Great video! It would be even more helpful if you could add a brief summary at the end where you share your thoughts on the model. Specifically, it would be valuable to hear your opinion on how well the model performs, its strengths and weaknesses, and the scenarios where it excels. Additionally, insights on how it compares to other models of similar size and what it might be equivalent to (e.g., “Llama 3.3 is comparable to Llama 405”) would make it much easier for us to categorize and understand its potential. Hearing this information from an experienced professional like you saves us a lot of time, and while I know this is subjective, it’s incredibly useful. If possible, giving the model a score based on different categories would make your review even more insightful. Thank you for your great work and dedication!

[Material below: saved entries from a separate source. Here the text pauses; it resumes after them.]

(* Let $\mathbb{F}$ be an infinite field with $\operatorname{char}(\mathbb{F})\neq 2$ and let $G$ be a non-abelian group with a group involution $\ast$ and a non-trivial orientation $\sigma:G\to\{\pm1\}$ such that $gg^\ast\in N=\ker\sigma$ for all $g\in G$. Suppose $\mathbb{F}G$ is normal with respect to the oriented involution $\circledast$ and that $N$, with the restriction of $\ast$, is an SLC-group with unique non-identity commutator $s$. Then there exists $g_0\in G\setminus N$ such that $g_0\in C_G(N)$ and $g_0^\ast=sg_0$. Consequently, $g_0$ is central in $G$.
   Context: A group involution on $G$ is a map $\ast:G\to G$ with $(gh)^\ast=h^\ast g^\ast$ and $(g^\ast)^\ast=g$. An orientation is a group homomorphism $\sigma:G\to\{\pm1\}$. The oriented involution is $(\sum_g\alpha_g g)^\circledast=\sum_g\alpha_g\sigma(g)g^\ast$ on $\mathbb{F}G$. $\mathbb{F}G$ is normal if $\alpha\alpha^\circledast=\alpha^\circledast\alpha$ for all $\alpha\in\mathbb{F}G$. $C_G(N)$ is the centralizer of $N$ in $G$. $(g,h)=g^{-1}h^{-1}gh$. A group $H$ is an LC-group if it is non-abelian and for all $g,h\in H$: $gh=hg$ iff at least one of $g,h,gh$ is in $\zeta(H)$. $H$ with involution $\ast$ is an SLC-group if it is an LC-group with a unique non-identity commutator $s$ (i.e. $\{(g,h):g,h\in H\}=\{1,s\}$) and $h^\ast=h$ for $h\in\zeta(H)$, $h^\ast=sh$ for $h\notin\zeta(H)$. *)

theory Defs
  imports "HOL-Algebra.Group"
begin

definition group_involution :: "('g, 'b) monoid_scheme \<Rightarrow> ('g \<Rightarrow> 'g) \<Rightarrow> bool" where
  "group_involution G st \<longleftrightarrow>
     (\<forall>g\<in>carrier G. st g \<in> carrier G) \<and>
     (\<forall>g\<in>carrier G. \<forall>h\<in>carrier G. st (g \<otimes>\<^bsub>G\<^esub> h) = st h \<otimes>\<^bsub>G\<^esub> st g) \<and>
     (\<forall>g\<in>carrier G. st (st g) = g)"
lemma idem_class_values_lepoll_funcset_times_choices:
  assumes eq: "equiv X \<alpha>" and c0: "c0 \<in> (\<Pi>\<^sub>E i\<in>X // \<alpha>. i)"
  shows "idem_class_values X \<alpha> \<lesssim> (X // \<alpha> \<rightarrow>\<^sub>E X // \<alpha>) \<times> (\<Pi>\<^sub>E i\<in>X // \<alpha>. i)"
proof -
  let ?cls = "\<lambda>g i. \<alpha> `` {g i}"
  \<comment> \<open>Since \<open>g i = g (\<alpha> `` {g i})\<close>, \<open>g\<close> is recovered from its map of classes and its
    values on the classes it hits; on the other classes the second component is padded by \<open>c0\<close>.\<close>
  let ?F = "\<lambda>g. (\<lambda>i\<in>X // \<alpha>. ?cls g i, \<lambda>j\<in>X // \<alpha>. if j \<in> ?cls g ` (X // \<alpha>) then g j else c0 j)"
  note cls = idem_class_values_hit_class(1)[OF eq] and mem = idem_class_values_hit_class(2)[OF eq]
  have fixed: "g (?cls g i) = g i" if "g \<in> idem_class_values X \<alpha>" "i \<in> X // \<alpha>" for g i
    using that by (simp add: idem_class_values_def)
  have "inj_on ?F (idem_class_values X \<alpha>)"
  proof (rule inj_onI)
    fix g g' assume g: "g \<in> idem_class_values X \<alpha>" and g': "g' \<in> idem_class_values X \<alpha>"
      and eq_F: "?F g = ?F g'"
    show "g = g'"
    proof (rule PiE_ext)
      show "g \<in> X // \<alpha> \<rightarrow>\<^sub>E X" "g' \<in> X // \<alpha> \<rightarrow>\<^sub>E X"
        using g g' by (simp_all add: idem_class_values_def)
      fix i assume i: "i \<in> X // \<alpha>"
      have same_class: "?cls g i = ?cls g' i"
        using fun_cong[OF arg_cong[OF eq_F, of fst], of i] i by simp
      have in_images: "?cls g i \<in> ?cls g ` (X // \<alpha>)" "?cls g i \<in> ?cls g' ` (X // \<alpha>)"
        using i same_class by auto
      have "g i = g (?cls g i)" using fixed[OF g i] by simp
      also have "\<dots> = g' (?cls g i)"
        using fun_cong[OF arg_cong[OF eq_F, of snd], of "?cls g i"] cls[OF g i] in_images by simp
      also have "\<dots> = g' i" unfolding same_class by (rule fixed[OF g' i])
      finally show "g i = g' i" .
    qed
  qed
  moreover have "?F ` idem_class_values X \<alpha> \<subseteq> (X // \<alpha> \<rightarrow>\<^sub>E X // \<alpha>) \<times> (\<Pi>\<^sub>E i\<in>X // \<alpha>. i)"
  proof (rule image_subsetI)
    fix g assume g: "g \<in> idem_class_values X \<alpha>"
    have "(if j \<in> ?cls g ` (X // \<alpha>) then g j else c0 j) \<in> j" if j: "j \<in> X // \<alpha>" for j
    proof (cases "j \<in> ?cls g ` (X // \<alpha>)")
      case True
      then obtain i where "i \<in> X // \<alpha>" "j = ?cls g i" by blast
      then show ?thesis using mem[OF g] fixed[OF g] by simp
    next
      case False
      then show ?thesis using c0 j by auto
    qed
    moreover have "(\<lambda>i\<in>X // \<alpha>. ?cls g i) \<in> X // \<alpha> \<rightarrow>\<^sub>E X // \<alpha>" using cls[OF g] by simp
    ultimately show "?F g \<in> (X // \<alpha> \<rightarrow>\<^sub>E X // \<alpha>) \<times> (\<Pi>\<^sub>E i\<in>X // \<alpha>. i)" by simp
  qed
  ultimately show ?thesis unfolding lepoll_def by blast
qed

lemma Pow_lepoll_idem_class_values:
  assumes eq: "equiv X \<alpha>" and c0: "c0 \<in> (\<Pi>\<^sub>E i\<in>X // \<alpha>. i)" and inf: "infinite (X // \<alpha>)"
  shows "Pow (X // \<alpha>) \<lesssim> idem_class_values X \<alpha>"
proof -
  obtain i0 where i0: "i0 \<in> X // \<alpha>" using infinite_imp_nonempty[OF inf] by (metis ex_in_conv)
  have "infinite (X // \<alpha> - {i0})" using inf by simp
  then obtain i1 where i1: "i1 \<in> X // \<alpha> - {i0}" using infinite_imp_nonempty by (metis ex_in_conv)
  let ?R = "{h \<in> X // \<alpha> \<rightarrow>\<^sub>E {i0, i1}. h i0 = i0 \<and> h i1 = i1}"
  let ?C = "\<lambda>h. \<lambda>i\<in>X // \<alpha>. c0 (h i)"
  have class_c0: "\<alpha> `` {c0 i} = i" if "i \<in> X // \<alpha>" for i
    using c0 that by (intro equiv_class_of_member[OF eq]) auto
  have c0_X: "c0 i \<in> X" if "i \<in> X // \<alpha>" for i
    using c0 that in_quotient_imp_subset[OF eq] by blast
  have "Pow (X // \<alpha>) \<lesssim> ?R"
    using inf i0 i1 by (intro Pow_lepoll_two_valued_retractions) auto
  moreover have "inj_on ?C ?R"
  proof (rule inj_onI)
    fix h h' assume h: "h \<in> ?R" and h': "h' \<in> ?R" and eq_C: "?C h = ?C h'"
    have "h i = h' i" if i: "i \<in> X // \<alpha>" for i
    proof -
      have "h i \<in> X // \<alpha>" "h' i \<in> X // \<alpha>" using h h' i i0 i1 by auto
      moreover have "c0 (h i) = c0 (h' i)" using fun_cong[OF eq_C, of i] i by simp
      ultimately show ?thesis using class_c0 by metis
    qed
    moreover have "h \<in> X // \<alpha> \<rightarrow>\<^sub>E {i0, i1}" "h' \<in> X // \<alpha> \<rightarrow>\<^sub>E {i0, i1}" using h h' by auto
    ultimately show "h = h'" using PiE_ext by metis
  qed
  moreover have "?C ` ?R \<subseteq> idem_class_values X \<alpha>"
  proof (rule image_subsetI)
    fix h assume h: "h \<in> ?R"
    then have h_I: "h i \<in> X // \<alpha>" and h_idem: "h (h i) = h i" if "i \<in> X // \<alpha>" for i
      using that i0 i1 by auto
    have "?C h (\<alpha> `` {?C h i}) = ?C h i" if i: "i \<in> X // \<alpha>" for i
    proof -
      have "\<alpha> `` {?C h i} = h i" using class_c0[OF h_I[OF i]] i by simp
      then show ?thesis using i h_I[OF i] h_idem[OF i] by simp
    qed
    moreover have "?C h \<in> X // \<alpha> \<rightarrow>\<^sub>E X" using h_I c0_X by simp
    ultimately show "?C h \<in> idem_class_values X \<alpha>" unfolding idem_class_values_def by blast
  qed
  ultimately have "Pow (X // \<alpha>) \<lesssim> ?R" "?R \<lesssim> idem_class_values X \<alpha>"
    unfolding lepoll_def by blast+
  then show ?thesis by (rule lepoll_trans)
qed

lemma Idem_T_ker_eqpoll:
  assumes eq: "equiv X \<alpha>" and inf: "infinite X"
  shows "Idem X (T_ker X \<alpha>) \<approx> Pow (X // \<alpha>) \<times> (\<Pi>\<^sub>E i\<in>X // \<alpha>. i)"
proof -
  let ?I = "X // \<alpha>" and ?V = "idem_class_values X \<alpha>"
  let ?P = "\<Pi>\<^sub>E i\<in>X // \<alpha>. i"
  obtain c0 where c0: "c0 \<in> ?P"
    using in_quotient_imp_non_empty[OF eq] by (metis PiE_eq_empty_iff ex_in_conv)
  have P_V: "?P \<lesssim> ?V" by (rule subset_imp_lepoll[OF choices_subset_idem_class_values[OF eq]])
  have V_upper: "?V \<lesssim> (?I \<rightarrow>\<^sub>E ?I) \<times> ?P"
    by (rule idem_class_values_lepoll_funcset_times_choices[OF eq c0])
  have "?V \<approx> Pow ?I \<times> ?P"
  proof (cases "finite ?I")
    case True
    obtain j where "j \<in> ?I" "infinite j"
      using inf Union_quotient[OF eq] True by (metis finite_Union)
    then have "infinite ?P" using in_quotient_imp_non_empty[OF eq] by (intro infinite_PiE)
    moreover have "?I \<rightarrow>\<^sub>E ?I \<noteq> {}" "Pow ?I \<noteq> {}" by (auto simp: PiE_eq_empty_iff)
    ultimately have "(?I \<rightarrow>\<^sub>E ?I) \<times> ?P \<approx> ?P" "Pow ?I \<times> ?P \<approx> ?P"
      using True by (auto intro!: times_infinite_eqpoll finite_lepoll_infinite simp: finite_PiE)
    then have "?V \<approx> ?P" using V_upper P_V by (metis lepoll_antisym lepoll_trans2)
    then show ?thesis using \<open>Pow ?I \<times> ?P \<approx> ?P\<close> by (metis eqpoll_sym eqpoll_trans)
  next
    case False
    have Pow_V: "Pow ?I \<lesssim> ?V" by (rule Pow_lepoll_idem_class_values[OF eq c0 False])
    then have "infinite ?V" using False by (metis finite_Pow_iff infinite_le_lepoll lepoll_trans)
    then have "Pow ?I \<times> ?P \<lesssim> ?V" using Pow_V P_V by (rule times_lepoll_infinite)
    moreover have "?V \<lesssim> Pow ?I \<times> ?P"
      using V_upper times_lepoll_mono[OF funcset_lepoll_Pow[OF False] lepoll_refl] by (rule lepoll_trans)
    ultimately show ?thesis by (simp add: lepoll_antisym)
  qed
  moreover have "Idem X (T_ker X \<alpha>) \<approx> ?V"
    using Idem_T_ker_bij_idem_class_values[OF eq] unfolding eqpoll_def by blast
  ultimately show ?thesis using eqpoll_trans by blast
qed

theorem proposition5p30:
  fixes X A :: "'a set" and \<alpha> :: "('a \<times> 'a) set"
  assumes "X \<noteq> {}" and "A \<noteq> {}" and "A \<subseteq> X" and "equiv X \<alpha>"
  shows "(card A = 1 \<longrightarrow> card (Idem X (T_im X A)) = 1)
       \<and> (infinite X \<and> card A \<noteq> 1 \<longrightarrow> Idem X (T_im X A) \<approx> Pow X)
       \<and> (finite X \<and> card A \<noteq> 1 \<longrightarrow>
            card (Idem X (T_im X A)) = (\<Sum>\<mu> = 1..card A. \<mu> ^ (card X - \<mu>) * (card A choose \<mu>)))
       \<and> (infinite X \<longrightarrow> Idem X (T_ker X \<alpha>) \<approx> Pow (X // \<alpha>) \<times> (\<Pi>\<^sub>E i \<in> X // \<alpha>. i))
       \<and> (finite X \<longrightarrow>
            card (Idem X (T_ker X \<alpha>)) = (\<Sum>\<mu> = 1..card (X // \<alpha>).
               \<mu> ^ (card (X // \<alpha>) - \<mu>) *
               (\<Sum>J \<in> {J. J \<subseteq> X // \<alpha> \<and> card J = \<mu>}. \<Prod>j \<in> J. card j)))"
proof (intro conjI impI)
  assume "card A = 1"
  then obtain a where "A = {a}" by (rule card_1_singletonE)
  then show "card (Idem X (T_im X A)) = 1" using assms(3) by (simp add: Idem_T_im_singleton)
next
  assume infinite: "infinite X \<and> card A \<noteq> 1"
  obtain a where a: "a \<in> A" using assms(2) by blast
  have "A \<noteq> {a}" using infinite by auto
  then obtain b where "b \<in> A" "a \<noteq> b" using a by blast
  then show "Idem X (T_im X A) \<approx> Pow X"
    using Idem_T_im_eqpoll_Pow[OF _ assms(3) a] infinite by blast
next
  assume "finite X \<and> card A \<noteq> 1"
  then show "card (Idem X (T_im X A)) = (\<Sum>\<mu> = 1..card A. \<mu> ^ (card X - \<mu>) * (card A choose \<mu>))"
    using card_Idem_T_im[OF assms(3) _ assms(1)] by blast
next
  assume "infinite X"
  then show "Idem X (T_ker X \<alpha>) \<approx> Pow (X // \<alpha>) \<times> (\<Pi>\<^sub>E i \<in> X // \<alpha>. i)"
    by (rule Idem_T_ker_eqpoll[OF assms(4)])
next
  assume "finite X"
  then show "card (Idem X (T_ker X \<alpha>)) = (\<Sum>\<mu> = 1..card (X // \<alpha>).
               \<mu> ^ (card (X // \<alpha>) - \<mu>) *
               (\<Sum>J \<in> {J. J \<subseteq> X // \<alpha> \<and> card J = \<mu>}. \<Prod>j \<in> J. card j))"
    by (rule card_Idem_T_ker[OF assms(4) _ assms(1)])
qed

end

I very much appreciate the dedication and I personally like the in-depth reviews. For starter I appreciate that you take number of parameters and quantization into account. Not everyone does, so thanks for bringing to people's attention that these variables are essential when we try to evaluate models. On the flip side: in this case, the questions are too vague and abstract for me to find any real business value in video as a whole. The point being: after watching this, I still don't have a grasp of how these models compare to each other... whereas I think it there could have been quite a massive business value in a video like this, if simply question's with one objective and verifiable answer were asked. For example: you could have done this by looking at a handful of industries or use-cases and then compare question relevant to that industry. A simple and obvious example could be the industry coding where several coding problems are asked and tested in the end (given the temperature, you might take 3 tries for each problem and then plot the results. Another industry might be writing where you for example put a one or many wrong words in a paragraph and then ask the models to find the wrong words, make that increasingly harder, run that 3 times each and again plot the number of correct answers in a graph. With some brainstorming (or 'prompting' as we call that today) better practical use-cases could be found than what I can come up with while just typing this. In the end there then would have probably a very clear picture of when it matters to have a higher parameter or quantization count and when it doesn't. In summary: making it practical, by starting from real-world problems, taking into account temperature and the fact that these models are about probability, then asking objective and verifiable questions and then plotting the results. Would have been massive business value for me: for our company that's what I recently did to select a proper model (slm) and this video could have been the one saving me hours. Then again: than you very much for you diligence and professionalism. I very much enjoy your content and I'm happy to see people find their way to your channel. Cheers, Andy
That was quite interesting. I watched all the way so I liked the longer format. I'm glad you channel is doing well. It is super cool to be able to run this stuff on local computers. I'm upgrading right now but nothing like that monster you have to play with. The question choice was interesting. I wonder if the robot dreamed of electric sheep. It was weird the way they failed to account for the extra killer in the room. Seemingly so obvious.
We are bump stick users compared to his hardware, which solves the LED problem: People use the LED light of their high end LLM systems to replace the traditional light bulbs, that's why they use more electicity after replacing traditional with LED...
It was great to see the responses side by side. One can see the difference immediately. What was interesting is that smaller model generated verbose answers.
I find your videos are well produced and formatted to cater to a wide audience. Specifically I have found your videos great to come back to as a reference, as I'm working with lower level Ollama features infrequently. Specifically to this video and when performing these tests, I think it's interesting to determine repeatability and ensuring that the data being outputted can be correlated between models. In a situation like this where you are comparing different versions of the same model would using a statically set seed assist in this? My assumption would be you would be able to compare the output from the same start point with each model.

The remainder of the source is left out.